Coarse spray primary vaccination using the cabinet application is recommended for healthy chickens at one day of age. Each box of chickens should receive approximately 7 ml of vaccine. The exact amount can be determined by spraying into a calibrated tube or container to arrive at the number of applications needed to deliver 7 ml of vaccine. Provide sufficient waterers so that all the chickens can drink at one time. Shut off water supply and allow chickens to consume all the water in the lines.

Withhold all water from the chickens for a minimum of two hours in warm weather to four hours in cool weather prior to vaccination to stimulate thirst. Withdrawal time should be reduced if half-house brooding is in process. Drinking water for vaccine delivery should contain one ounce 29 gram of non-fat dry milk per gallon 3. Lower waterers and allow the chickens to drink freely. Add the remaining vaccine solution to the water lines as the chickens drink.

Drinking water vaccination is recommended for healthy chickens 14 days of age or older. Calculate to supply vaccine solution at a rate of 3 gallons 11 liters per 1, chickens in cool weather and 4 gallons 15 liters per 1, chickens in warm weather.

b1b1 vaccine meaning

The age of the chickens should be considered when calculating water supply.The originating document has been archived. We cannot confirm the completeness, accuracy and currency of the content. These Newcastle Disease Vaccines accompanied by diluent are recommended for the vaccination of healthy chickens one day of age or older.

Newcastle Disease Vaccine, B1 Type, LaSota Strain, Live Virus

Remove seal and stopper from vaccine and diluent vials. Avoid contamination of stoppers and contents. Add diluent to half-fill the vaccine vial. Replace stopper and shake until contents are dissolved. Do not release bird until vaccine has been inhaled. These Newcastle Disease Vaccines are recommended for the vaccination of healthy chickens 2 weeks of age or older. Discontinue use of medications or sanitizing agents in the drinking water 24 hours before vaccinating.

Do not resume use for 24 hours following vaccination. Water used for the drinking-water administration of a live virus vaccine must be non-chlorinated. Provide enough waterers so two-thirds of the birds may drink at one time. Scrub waterers, with fresh, clean, non-chlorinated water, and use no disinfectant. Let the waterers drain dry. Turn off automatic waterers, so the only available water is the vaccine water. Do not give vaccine water through medication tanks.

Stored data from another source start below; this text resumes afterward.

lemma sl_centralizer_F_matrix_span:
  assumes "k \<le> n" "X \<in> sl_centralizer (Suc n) (F_matrix n)" "\<And>i. k < i \<Longrightarrow> X i 1 = 0"
  shows "X \<in> cmat.span (centralizer_basis n ` {..<k})"
  using assms
proof (induction k arbitrary: X)
  case 0
  then have "X = 0"
    by (intro sl_centralizer_F_matrix_first_col_zero) auto
  then show ?case by (metis cmat.span_zero)
next
  case (Suc k)
  define c where "c = X (Suc k) 1 * (-1) ^ k"
  define Z where "Z = X - mscale c (centralizer_basis n k)"
  have "Z \<in> sl_centralizer (Suc n) (F_matrix n)"
    unfolding Z_def using Suc.prems(2) centralizer_basis_in_sl_centralizer subspace_sl_centralizer
    by (intro cmat.subspace_diff cmat.subspace_scale)
  moreover have "Z i 1 = 0" if "k < i" for i
  proof (cases "i = Suc k")
    case True
    have "((-1) ^ k * (-1) ^ k :: complex) = 1" by (simp flip: power_mult_distrib)
    with True Suc.prems(1) centralizer_basis_first_col[of k n i] show ?thesis
      by (simp add: Z_def c_def mscale_def mult.assoc)
  next
    case False
    with that Suc.prems centralizer_basis_first_col[of k n i] show ?thesis
      by (simp add: Z_def mscale_def)
  qed
  ultimately have "Z \<in> cmat.span (centralizer_basis n ` {..<k})"
    using Suc.IH Suc.prems(1) by simp
  then have "Z \<in> cmat.span (centralizer_basis n ` {..<Suc k})"
    using cmat.span_mono[OF image_mono[of "{..<k}" "{..<Suc k}"]] by auto
  moreover have "mscale c (centralizer_basis n k) \<in> cmat.span (centralizer_basis n ` {..<Suc k})"
    by (intro cmat.span_scale cmat.span_base) auto
  ultimately have "Z + mscale c (centralizer_basis n k) \<in> cmat.span (centralizer_basis n ` {..<Suc k})"
    by (rule cmat.span_add)
  then show ?case unfolding Z_def by simp
qed

lemma cdim_sl_centralizer_F_matrix:
  assumes "1 \<le> n"
  shows "cdim (sl_centralizer (Suc n) (F_matrix n)) = n"
proof -
  let ?B = "centralizer_basis n ` {..<n}"
  have "sl_centralizer (Suc n) (F_matrix n) \<subseteq> cmat.span ?B"
  proof
    fix X assume X: "X \<in> sl_centralizer (Suc n) (F_matrix n)"
    then have space: "X \<in> mat_space (Suc n)"
      and commute: "mmult (Suc n) (F_matrix n) X = mmult (Suc n) X (F_matrix n)"
      unfolding sl_centralizer_def sl_def by auto
    have "X i 1 = 0" if "n < i" for i
      using that assms F_commuting_last_row_zero[OF commute, of 1] mat_space_outside[OF space, of i 1]
      by (cases "i = Suc n") auto
    then show "X \<in> cmat.span ?B"
      by (rule sl_centralizer_F_matrix_span[OF order_refl X])
  qed
  moreover have "?B \<subseteq> sl_centralizer (Suc n) (F_matrix n)"
    using centralizer_basis_in_sl_centralizer by blast
  ultimately show ?thesis
    unfolding cdim_def using cmat.basis_card_eq_dim[of ?B] independent_centralizer_basis[of n n]
    by simp
qed

theorem theorem4p3:
  fixes n :: nat
  assumes "n \<ge> 1"
  shows "cdim (kirillov_ker (n + 1) (F n)) = n"
  using cdim_sl_centralizer_F_matrix[OF assms] by (simp add: kirillov_ker_F)

end
lemma virtual_cost_k0star: "virtual_cost F (k0star t F) = t"
proof -
  have ex1: "\<exists>!k. virtual_cost F k = t"
  proof (rule strict_mono_continuous_ex1_eq[OF strict_mono_virtual_cost isCont_virtual_cost])
    show "virtual_cost F (t - F t / dens F t) \<le> t"
      using cdf_div_dens_mono[of "t - F t / dens F t" t] cdf_pos[of t] dens_pos[of t]
      by (simp add: virtual_cost_def)
    show "t \<le> virtual_cost F t"
      using cdf_pos[of t] dens_pos[of t] by (simp add: virtual_cost_def)
  qed
  have "k0star t F = (THE k. virtual_cost F k = t)"
    unfolding k0star_def virtual_cost_def by (simp add: eq_diff_eq)
  with theI'[OF ex1] show ?thesis
    by simp
qed

lemma virtual_value_k1star: "virtual_value F (k1star t F) = t"
proof -
  have ex1: "\<exists>!k. virtual_value F k = t"
  proof (rule strict_mono_continuous_ex1_eq[OF strict_mono_virtual_value isCont_virtual_value])
    show "t \<le> virtual_value F (t + (1 - F t) / dens F t)"
      using ccdf_div_dens_antimono[of t "t + (1 - F t) / dens F t"] cdf_less_1[of t] dens_pos[of t]
      by (simp add: virtual_value_def)
    show "virtual_value F t \<le> t"
      using cdf_less_1[of t] dens_pos[of t] by (simp add: virtual_value_def)
  qed
  have "k1star t F = (THE k. virtual_value F k = t)"
    unfolding k1star_def virtual_value_def by (simp add: diff_eq_eq)
  with theI'[OF ex1] show ?thesis
    by simp
qed

lemma k0star_less: "k0star t F < t"
  using virtual_cost_k0star[of t] divide_pos_pos[OF cdf_pos dens_pos, of "k0star t F" "k0star t F"]
  unfolding virtual_cost_def by linarith
definition bernstein_fun :: "real \<Rightarrow> real \<Rightarrow> real measure \<Rightarrow> complex \<Rightarrow> complex" where
  "bernstein_fun a b \<mu> z =
     complex_of_real a + complex_of_real b * z +
     (\<integral> s. (1 - exp (- (complex_of_real s * z))) \<partial>\<mu>)"

definition rate_fun :: "real \<Rightarrow> real \<Rightarrow> real measure \<Rightarrow> real \<Rightarrow> real" where
  "rate_fun a b \<mu> t = a / 2 + b / t + (\<integral> s. min (s / t) 1 \<partial>\<mu>)"

end

theory Submission
  imports Defs
begin

text \<open>
  The whole argument rests on two pointwise estimates for the kernel \<open>1 - e^{-w}\<close>
  with \<open>Re w \<ge> 0\<close>: the upper bound \<open>|1 - e^{-w}| \<le> min(|w|, 2)\<close> and, for real
  \<open>v \<ge> 0\<close>, the lower bound \<open>1 - e^{-v} \<ge> min(v, 1)/2\<close>.  Scaled to \<open>w = sz\<close> they give
  \<open>|1 - e^{-sz}| \<le> max(2, \<beta>) min(s/t, 1)\<close> when \<open>t|z| \<le> \<beta>\<close>, and
  \<open>Re(1 - e^{-sz}) \<ge> min(\<alpha>, 1)/2 \<cdot> min(s/t, 1)\<close> when \<open>\<alpha> \<le> t Re z\<close>.
  Since \<open>min(s/t, 1) \<le> C s/(1+s)\<close>, the Levy condition makes both integrands
  integrable, and integrating the pointwise bounds yields
  \<open>|g(z)| \<le> max(2, \<beta>) r(t)\<close> (triangle inequality) and
  \<open>min(\<alpha>, 1)/2 \<cdot> r(t) \<le> Re g(z) \<le> |g(z)|\<close>.  The theorem follows with
  \<open>c\<^sub>0 = min(\<alpha>, 1)/2\<close> and \<open>c\<^sub>1 = max(2, \<beta>)\<close>.
\<close>

text \<open>On the closed right half-plane \<open>e^{-w}\<close> is 1-Lipschitz, since its derivative
  has modulus \<open>e^{-Re w} \<le> 1\<close>.\<close>
lemma norm_one_minus_exp_le_norm:
  fixes w :: complex
  assumes "Re w \<ge> 0"
  shows "cmod (1 - exp (- w)) \<le> cmod w"
proof -
  have "norm ((\<lambda>u. exp (- u)) 0 - (\<lambda>u. exp (- u)) w) \<le> 1 * norm (0 - w)"
  proof (rule field_differentiable_bound[OF convex_halfspace_Re_ge[of 0]])
    fix u :: complex assume "u \<in> {x. 0 \<le> Re x}"
    then show "((\<lambda>u. exp (- u)) has_field_derivative (- exp (- u))) (at u within {x. 0 \<le> Re x})"
      and "norm (- exp (- u)) \<le> 1"
      by (auto intro!: derivative_eq_intros simp: norm_exp)
  qed (use assms in auto)
  then show ?thesis by simp
qed

lemma norm_one_minus_exp_le_2:
  fixes w :: complex
  assumes "Re w \<ge> 0"
  shows "cmod (1 - exp (- w)) \<le> 2"
proof -
  have "cmod (1 - exp (- w)) \<le> cmod 1 + cmod (exp (- w))" by (rule norm_triangle_ineq4)
  also have "cmod (exp (- w)) \<le> 1" using assms by (simp add: norm_exp)
  finally show ?thesis by simp
qed

text \<open>Lower bound on the real axis, via \<open>1 - e^{-v} \<ge> v/(1+v)\<close>.\<close>
lemma one_minus_exp_ge_min:
  fixes v :: real
  assumes "v \<ge> 0"
  shows "min v 1 / 2 \<le> 1 - exp (- v)"
proof -
  have "1 + v \<le> exp v" by (rule exp_ge_add_one_self)
  then have "exp (- v) \<le> 1 / (1 + v)" using assms
    by (simp add: exp_minus divide_simps)
  then have "v / (1 + v) \<le> 1 - exp (- v)" using assms
    by (simp add: divide_simps) (simp add: algebra_simps)
  moreover have "min v 1 / 2 \<le> v / (1 + v)" using assms
    by (auto simp: divide_simps min_def intro!: mult_left_mono)
  ultimately show ?thesis by linarith
qed

lemma kernel_upper_bound:
  fixes z :: complex and s t \<beta> :: real
  assumes "s > 0" "t > 0" "Re z \<ge> 0" "t * cmod z \<le> \<beta>"
  shows "cmod (1 - exp (- (complex_of_real s * z))) \<le> max 2 \<beta> * min (s / t) 1"
proof -
  have Re_nonneg: "Re (complex_of_real s * z) \<ge> 0" using assms by simp
  show ?thesis
  proof (cases "s / t \<le> 1")
    case True
    have "cmod (1 - exp (- (complex_of_real s * z))) \<le> s * cmod z"
      using norm_one_minus_exp_le_norm[OF Re_nonneg] assms by (simp add: norm_mult)
    also have "\<dots> = (s / t) * (t * cmod z)" using assms by simp
    also have "\<dots> \<le> (s / t) * max 2 \<beta>" using assms by (intro mult_left_mono) auto
    finally show ?thesis using True by (simp add: mult.commute)
  next
    case False
    then show ?thesis using norm_one_minus_exp_le_2[OF Re_nonneg] by simp
  qed
qed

Withhold water for 2 hours before vaccinating. Do not deprive the birds of water if the temperature is extremely high. Distribute the final volume of vaccine water evenly among the clean waterers. Do not place the waterers in direct sunlight. Resume regular water administration only after all the vaccine water has been consumed. These Newcastle Disease Vaccines may be used for the revaccination of healthy chickens 4 weeks of age or older by spraying the vaccine solution above the chickens.

A sprayer that delivers a coarse spray quickly and evenly is recommended. Pour rehydrated vaccine into a clean container and add cool, distilled water per chart below and shake thoroughly. Direct the spray above the heads of the birds. See chart below:. This spray method of vaccination should be employed in poultry houses where air movement can be reduced to a minimum. Before spraying the vaccine solution, close the house and shut off mechanical ventilation.

Maintain these conditions both during spraying and for 20 minutes afterwards. Any sprayer used for application of a live virus vaccine should be used for no other purpose.